Heroes consider move to the Gocheok Dome
Oh Se-jung, director of the Seoul Metropolitan Government’s Sports Promotion Department, said yesterday the Nexen Heroes, who play their home games at Mokdong Baseball Stadium in western Seoul, have tentatively agreed to move to the Gocheok Dome next season.
“It is true we have agreed on the big picture, though we have smaller details to discuss in order to finalize the deal,” said Oh. “We have been speaking with the Heroes for the past few months.”
The 220 billion won ($191.8 million) baseball field has been considered one of the municipal government’s white elephants as it has so far failed to lure one of the three Seoul-based teams: the Heroes, LG Twins and Doosan Bears.

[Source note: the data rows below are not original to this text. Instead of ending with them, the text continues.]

lemma small_Lprime_imp_near_fibre:
  assumes "is_norm_on Y nY" and "m \<ge> 1" and "\<alpha> > 0" and "\<beta> > 0" and "\<eta> > 0"
  shows "\<exists>\<mu>0>0. \<forall>\<mu> g. 0 < \<mu> \<and> \<mu> \<le> \<mu>0 \<and> Lprime Y nY m lam w \<alpha> \<beta> \<mu> g \<le> ereal (\<mu> + 2 * \<mu>^2)
           \<longrightarrow> g \<in> Y \<and> nY g \<le> 1 + \<eta> \<and> (\<forall>j<m. \<bar>lam j g - w j\<bar> \<le> \<eta>)"
proof -
  \<comment> \<open>For \<mu> \<le> \<mu>0: 1 + 2\<mu> \<le> (1 + \<eta>)^\<beta> and \<mu> + 2\<mu>^2 \<le> 3\<mu> \<le> (\<eta>/\<surd>m)^\<alpha>.\<close>
  define \<mu>0 where
    "\<mu>0 = min 1 (min (((1 + \<eta>) powr \<beta> - 1) / 2) ((\<eta> / sqrt (real m)) powr \<alpha> / 3))"
  have "\<mu>0 > 0" using assms by (simp add: \<mu>0_def)
  moreover have "g \<in> Y \<and> nY g \<le> 1 + \<eta> \<and> (\<forall>j<m. \<bar>lam j g - w j\<bar> \<le> \<eta>)"
    if "0 < \<mu>" and "\<mu> \<le> \<mu>0" and L: "Lprime Y nY m lam w \<alpha> \<beta> \<mu> g \<le> ereal (\<mu> + 2 * \<mu>^2)"
    for \<mu> g
  proof -
    have "g \<in> Y" using L by (auto simp: Lprime_def split: if_splits)
    define a where "a = vnorm m (\<lambda>j. w j - lam j g)"
    have sum: "a powr \<alpha> + \<mu> * nY g powr \<beta> \<le> \<mu> + 2 * \<mu>^2"
      using L \<open>g \<in> Y\<close> by (simp add: Lprime_def a_def)
    have "\<mu>^2 \<le> \<mu>" using \<open>0 < \<mu>\<close> \<open>\<mu> \<le> \<mu>0\<close>
      by (simp add: power2_eq_square mult_le_cancel_left1 \<mu>0_def)
    moreover have "0 \<le> \<mu> * nY g powr \<beta>" using \<open>0 < \<mu>\<close> by simp
    ultimately have "a powr \<alpha> \<le> (\<eta> / sqrt (real m)) powr \<alpha>"
      using sum \<open>\<mu> \<le> \<mu>0\<close> unfolding \<mu>0_def by linarith
    hence a_le: "a \<le> \<eta> / sqrt (real m)"
      using powr_le_powr_imp_le[OF assms(3)] assms(5) by simp
    have "\<bar>lam j g - w j\<bar> \<le> \<eta>" if "j < m" for j
    proof -
      have "\<bar>lam j g - w j\<bar> \<le> sqrt (real m) * a"
        using abs_le_sqrt_mult_vnorm[OF \<open>j < m\<close>] unfolding a_def by (simp add: abs_minus_commute)
      also have "\<dots> \<le> \<eta>" using a_le assms(2) by (simp add: field_simps)
      finally show ?thesis .
    qed
    moreover have "nY g powr \<beta> \<le> (1 + \<eta>) powr \<beta>"
    proof -
      have "\<mu> * nY g powr \<beta> \<le> \<mu> + 2 * \<mu>^2" using sum powr_ge_zero[of a \<alpha>] by linarith
      also have "\<dots> = \<mu> * (1 + 2 * \<mu>)" by (simp add: algebra_simps power2_eq_square)
      finally have "\<mu> * nY g powr \<beta> \<le> \<mu> * (1 + 2 * \<mu>)" .
      hence "nY g powr \<beta> \<le> 1 + 2 * \<mu>" using \<open>0 < \<mu>\<close> by simp
      also have "\<dots> \<le> (1 + \<eta>) powr \<beta>" using \<open>\<mu> \<le> \<mu>0\<close> unfolding \<mu>0_def by simp
      finally show ?thesis .
    qed
    hence "nY g \<le> 1 + \<eta>"
      using powr_le_powr_imp_le[OF assms(4)] assms(5) by simp
    ultimately show ?thesis using \<open>g \<in> Y\<close> by blast
  qed
  ultimately show ?thesis by blast
qed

The Gocheok Dome was spearheaded by former Seoul Mayor Oh Se-hoon in 2009. The city began building the 22,238-seat covered stadium on a 57,261-sqaure-meter (13-acre) site in Guro District, northwestern Seoul.
However, some wonder how many people will make the trek to the outskirts of Seoul to see a game. Fans in southern or eastern parts of the city would have to travel more than an hour to get there.
If they take public transportation, the only option is subway line No. 1, the oldest line in the country. In addition, the stadium is a 15-minute walk from Guil Station, the stop for Gocheok.
In contrast to the city’s optimism, the Heroes say there are mountains of problems to solve before making a move.
“Nothing has been decided yet,” said a team spokesman. “There are many preconditions to that contract, including an issue over amateur baseball.”
The city government plans to hold a series of amateur baseball events when the Heroes don’t have games, but the team says that is unacceptable.
“We understand about having some international events or semifinals and finals of major domestic amateur events, but we can’t share the field all season long because we need to keep it in the best shape to host fans. The stadium must be designated for professionals,” said the spokesman.
The other concern is business rights within the ballpark, including revenue from advertising inside the stadium.
“For the brand-new Gwangju-Kia Champions Field, for instance, the Gwangju city government gave all business rights for the ballpark to the Kia Tigers for 25 years,” said the Heroes spokesman. “It is because Gwangju officials considered the field a public property that people share and they thought the Tigers could offer the best services to fans. But I think the city government sees the Dome as something it could earn some money from.”
The city government manages Jamsil Baseball Stadium in Songpa District, southeastern Seoul, which was built in 1982 at a cost of 12.6 billion won. It has been a golden goose, generating billions of won in revenue every year.
In each of the past two years, the two Jamsil-based teams - the Bears and the Twins - paid a total of 3 billion won to use the stadium. The stadium’s advertising, which includes banner and electronic display ads, generated 7 billion won.
“There are things we can’t give up because the Dome was built with taxpayers’ money,” said Oh. “But we are trying to find the best solution for such issues.”